The shift that Cornell and Huffaker are referencing is the streamlined organization of the buildings that allowed them to house six endowment rooms, which allowed an endowment session to begin every twenty minutes in each temple, while older temples usually were only able to begin a session every hour at best. Temple architect Emil Fetzer was commissioned to design a temple that was economical and functional that “the membership can use to do efficient temple work.” Fetzer described the experience of creating the interior design that was used in the temples as a vision during a conversation with Fred Baker. In this vision, “the most important thing was on the floor above the sealing rooms. There was a central room surrounded by a cluster of six ordinance rooms… I knew exactly how it was functioning, from the way I saw it. This was a very intriguing thing, a central Celestial Room surrounded by a cluster of six ordinance rooms. The idea was that the whole ceremony would be in one room, instead of going from room to room like the Salt Lake Temple.”
Fetzer drew inspiration for his design from what he called a Danish ellipse. He had read about a new park being designed in Copenhagen that was completely surrounded by a roadway in the shape of an elongated ellipse. The outline of the upper two floors of the temple was really a modification of this park, with a corridor running completely around the outside wall that had entrances to the ordinance rooms. This also proved extremely efficient in accomplishing its purposes—both the Ogden and Provo temples topped the Salt Lake Temple as far putting out the most endowment sessions per month shortly after going into operation, passing up the pioneer temple’s 50,000 endowments a month at about 75,000 endowments per month each. Taking pride in this as well, Emil Fetzer noted, “Basically, everything that has been built since that time has a kernel of the Ogden and Provo Temples.”
That being said, my specific qualm with the preservationists’ statement is that they argued that the Ogden and Provo temples marked a shift from a “sacred abode to a sacred machine.” This seems to imply that temples existed primarily as a place for meditation and communion with God and that the focus on performing ordinances only started with the Ogden and Provo temples. The performance of ordinances for the living and the dead, however, was among the primary purposes given for temple construction for over a hundred years before the Ogden temple was announced. This created an increased pressure on temples throughout the 20th century that led to a need for a more efficient ways to perform ordinances, signifying that there was a focus on ordinance work long before the six endowment room plan was created. The architecture of older temples demonstrates this evolution for efficiency.

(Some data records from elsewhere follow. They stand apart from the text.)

lemma st_q: "st q = q"
  using one_minus_p st_diff st_one st_p by metis

lemma idempotent_q: "mul q q = q"
  using one_minus_p by (metis mul_diffl mul_diffr idempotent_p mul_one_left mul_one_right diff_self diff_zero)

sublocale swap: complementary_projections sc mul st one q p
  by unfold_locales (simp_all add: st_q idempotent_q add.commute add_p_q)
\<comment> \<open>Facts proved later reach \<open>swap\<close> only once the locale is re-entered, hence the
  repeated \<open>context complementary_projections\<close> blocks below.\<close>

lemma in_peirce_components:
  shows "in_peirce p p (mul (mul p x) p)" and "in_peirce p q (mul (mul p x) q)"
  using in_peirce_diagonal[OF idempotent_p] in_peirce_off_diagonal[OF idempotent_p] by simp_all

lemma peirce_decomposition:
  "x = mul (mul p x) p + mul (mul p x) q + mul (mul q x) p + mul (mul q x) q"
proof -
  have "mul (mul e x) p + mul (mul e x) q = mul e x" for e
    using mul_addr[of "mul e x" p q] by (simp add: add_p_q)
  then show ?thesis
    using mul_addl[of p q x] by (simp add: add_p_q add.assoc)
qed

lemma in_peirce_of_peirce:
  shows "x \<in> peirce mul p p \<Longrightarrow> in_peirce p p x" and "x \<in> peirce mul p q \<Longrightarrow> in_peirce p q x"
  unfolding peirce_def using in_peirce_components by auto

context
  fixes x11 x12 x21 x22 :: 'a
  assumes blocks: "in_peirce p p x11" "in_peirce p q x12" "in_peirce q p x21" "in_peirce q q x22"
begin

lemma block_rules:
  shows "mul p x11 = x11" "mul q x11 = 0" "mul x11 p = x11" "mul x11 q = 0"
    and "mul p x12 = x12" "mul q x12 = 0" "mul x12 p = 0" "mul x12 q = x12"
    and "mul p x21 = 0" "mul q x21 = x21" "mul x21 p = x21" "mul x21 q = 0"
    and "mul p x22 = 0" "mul q x22 = x22" "mul x22 p = 0" "mul x22 q = x22"
    and "mul p (st x11) = st x11" "mul q (st x11) = 0" "mul (st x11) p = st x11" "mul (st x11) q = 0"
    and "mul p (st x12) = 0" "mul q (st x12) = st x12" "mul (st x12) p = st x12" "mul (st x12) q = 0"
    and "mul p (st x21) = st x21" "mul q (st x21) = 0" "mul (st x21) p = 0" "mul (st x21) q = st x21"
    and "mul p (st x22) = 0" "mul q (st x22) = st x22" "mul (st x22) p = 0" "mul (st x22) q = st x22"
  using blocks in_peirce_st[OF st_p st_p] in_peirce_st[OF st_p st_q] in_peirce_st[OF st_q st_p]
    in_peirce_st[OF st_q st_q]
  unfolding in_peirce_def by simp_all
lemma geometric_weights_le:
  assumes "countable I" "0 < e"
  shows "(\<integral>\<^sup>+i. ennreal (e * (1/2) ^ Suc (to_nat_on I i)) \<partial>count_space I) \<le> ennreal e"
proof -
  define h where "h n = ennreal (e * (1/2) ^ Suc n)" for n
  have "(\<integral>\<^sup>+i. h (to_nat_on I i) \<partial>count_space I) = (\<integral>\<^sup>+n. h n \<partial>count_space (to_nat_on I ` I))"
    by (rule nn_integral_bij_count_space) (simp add: assms(1) bij_betw_def inj_on_to_nat_on)
  also have "\<dots> \<le> (\<integral>\<^sup>+n. h n \<partial>count_space UNIV)"
    by (rule nn_integral_count_space_mono_set) simp
  also have "\<dots> = ennreal (\<Sum>n. e * (1/2) ^ Suc n)"
    unfolding h_def nn_integral_count_space_nat using assms(2)
    by (intro suminf_ennreal2) (auto intro!: summable_mult summable_geometric)
  also have "(\<Sum>n. e * (1/2) ^ Suc n) = e"
    using sums_mult[OF power_half_series, of e] by (simp add: sums_iff)
  finally show ?thesis
    unfolding h_def .
qed

text \<open>The \<open>i\<close>-th choice is within \<open>\<epsilon> / 2\<^sup>i\<^sup>+\<^sup>1\<close> of its infimum, for an enumeration
  \<open>to_nat_on I\<close> of \<open>I\<close>.\<close>

lemma obtain_near_INF_family:
  fixes c :: "'i \<Rightarrow> 'b \<Rightarrow> ennreal"
  assumes I: "countable I" and ne: "\<And>i. i \<in> I \<Longrightarrow> \<exists>y. P i y" and e: "0 < e"
    and fin: "(\<integral>\<^sup>+i. (INF y\<in>{y. P i y}. c i y) \<partial>count_space I) < top"
  obtains Y where "\<And>i. i \<in> I \<Longrightarrow> P i (Y i)"
    "(\<integral>\<^sup>+i. c i (Y i) \<partial>count_space I) \<le> (\<integral>\<^sup>+i. (INF y\<in>{y. P i y}. c i y) \<partial>count_space I) + ennreal e"
proof -
  define m where "m i = (INF y\<in>{y. P i y}. c i y)" for i
  define w where "w i = e * (1/2) ^ Suc (to_nat_on I i)" for i
  have "\<exists>y. P i y \<and> c i y \<le> m i + ennreal (w i)" if i: "i \<in> I" for i
  proof -
    have "m i < top"
      using nn_integral_ge_point[OF i, of m] fin unfolding m_def by simp
    moreover have "0 < w i"
      unfolding w_def using e by simp
    ultimately have "m i < m i + ennreal (w i)"
      by (cases "m i") (auto simp flip: ennreal_plus intro!: ennreal_lessI)
    then obtain y where "P i y" "c i y < m i + ennreal (w i)"
      unfolding m_def by (auto simp: INF_less_iff)
    then show ?thesis
      by (auto intro: less_imp_le)
  qed
  then obtain Y where Y: "\<And>i. i \<in> I \<Longrightarrow> P i (Y i) \<and> c i (Y i) \<le> m i + ennreal (w i)"
    by metis
  have "(\<integral>\<^sup>+i. c i (Y i) \<partial>count_space I) \<le> (\<integral>\<^sup>+i. m i + ennreal (w i) \<partial>count_space I)"
    using Y by (intro nn_integral_mono_AE) (auto simp: AE_count_space)
  also have "\<dots> = (\<integral>\<^sup>+i. m i \<partial>count_space I) + (\<integral>\<^sup>+i. ennreal (w i) \<partial>count_space I)"
    by (rule nn_integral_add) auto
  also have "\<dots> \<le> (\<integral>\<^sup>+i. m i \<partial>count_space I) + ennreal e"
    using geometric_weights_le[OF I e] unfolding w_def by (intro add_left_mono)
  finally show ?thesis
    using that Y unfolding m_def by blast
qed
(* For an integer $n\ge 2$, $\Phi(n)=\Lambda(n)$ if and only if $n=2$ or $n=p^r$ for some odd prime $p$ and some integer $r>0$.
   Context: For a positive integer $n$, let $\mathcal{G}_n=\{a+bi\in\mathbb{Z}[i]/n\mathbb{Z}[i] : a^2+b^2\equiv 1 \pmod n\}$ (a multiplicative group). Define $\Phi(n)=|\mathcal{G}_n|$ and $\Lambda(n)$ to be the exponent of the group $\mathcal{G}_n$. *)

theory Defs
  imports "HOL-Algebra.Group" "HOL-Number_Theory.Number_Theory"
begin

text \<open>Elements a + b i of Z[i]/nZ[i] are represented by pairs (a,b) of canonical
  residues 0 \<le> a, b < n.\<close>

definition gauss_mult :: "nat \<Rightarrow> int \<times> int \<Rightarrow> int \<times> int \<Rightarrow> int \<times> int" where
  "gauss_mult n x y = ((fst x * fst y - snd x * snd y) mod int n,
                       (fst x * snd y + snd x * fst y) mod int n)"

definition G :: "nat \<Rightarrow> (int \<times> int) monoid" where
  "G n = \<lparr> carrier = {(a, b). 0 \<le> a \<and> a < int n \<and> 0 \<le> b \<and> b < int n \<and>
                               [a^2 + b^2 = 1] (mod int n)},
           mult = gauss_mult n,
           one = (1 mod int n, 0) \<rparr>"

definition Phi :: "nat \<Rightarrow> nat" where
  "Phi n = card (carrier (G n))"

definition Lambda :: "nat \<Rightarrow> nat" where
  "Lambda n = (LEAST k. 0 < k \<and> (\<forall>x \<in> carrier (G n). x [^]\<^bsub>G n\<^esub> k = \<one>\<^bsub>G n\<^esub>))"

end

theory Submission
  imports Defs "HOL-Algebra.Multiplicative_Group"
begin

text \<open>If \<open>h\<^sup>2 = 1\<close> has at least four solutions, the squaring map is at least 4-to-1, so
  every \<open>x\<close> satisfies \<open>x\<^bsup>2|G\<^sup>2|\<^esup> = 1\<close> with \<open>2|G\<^sup>2| < |G|\<close>. Such solutions exist when
  \<open>n = 2k\<close> with \<open>k \<ge> 2\<close> (namely \<open>\<plusminus>1, k \<plusminus> 1 + k i\<close>) and, by the Chinese remainder theorem,
  when \<open>n = ab\<close> with coprime \<open>a, b \<ge> 3\<close>. Conversely, for \<open>n = p\<^sup>r\<close> with \<open>p\<close> an odd prime,
  every equation \<open>x\<^sup>d = 1\<close> has at most \<open>d\<close> solutions in \<open>G n\<close>, which forces \<open>\<Lambda> n \<ge> \<Phi> n\<close>.
  Writing \<open>d = p\<^sup>s m\<close> with \<open>p \<nmid> m\<close>: the Frobenius congruence \<open>z\<^sup>p \<equiv> z\<close> or \<open>z\<^sup>p \<equiv> gconj z\<close> (mod \<open>p\<close>)
  shows that \<open>p\<close>-power torsion is \<open>\<equiv> 1 (mod p)\<close>, and the binomial lifting
  \<open>(1 + p\<^sup>j u)\<^sup>p \<equiv> 1 + p\<^bsup>j+1\<^esup> u (mod p\<^bsup>j+2\<^esup>)\<close> bounds it by \<open>p\<^sup>s\<close>; the \<open>m\<close>-torsion
  injects into \<open>G p\<close>, which embeds into \<open>\<int>/p\<close> via \<open>i \<mapsto> \<surd>-1\<close> when \<open>p \<equiv> 1 (mod 4)\<close> and
  into the field \<open>\<int>[i]/p\<close> when \<open>p \<equiv> 3 (mod 4)\<close>, where polynomials have few roots.\<close>

lemma cong_of_diff_eq_mult: "x - y = n * t \<Longrightarrow> [x = y] (mod n)" for x y n t :: int
  by (simp add: cong_iff_dvd_diff)

lemma not_cong_one_minus_one: "2 < m \<Longrightarrow> \<not> [1 = -1] (mod m)" for m :: int
  by (auto simp: cong_iff_dvd_diff dest: zdvd_imp_le)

As early as 1841, “Joseph said the Lord said that we should build our house to his Name that we might be Baptized for the Dead,” indicating that even the Nauvoo temple (the second temple built by the Latter Day Saints) was constructed at least partially with ordinances for the dead in mind. After the Latter-day Saint community moved to Utah and began construction on four temples there, the performance of ordinances for the living and the dead was again stated as an important purpose for constructing temples. For example, in 1877 President John Taylor—the leader of the Church at that time—stated: “Why do we want to build these temples?… The Lord has shown us that we must build Temples in which to officiate for [all men who have lived and died without knowledge of the Gospel].” Thus, the performances of ordinances was listed as a central purpose in constructing temples long before the Ogden and Provo temples were even conceived, indicating that temples were intended to be “sacred machines” before the plans were laid out for those two temples in the 1960s.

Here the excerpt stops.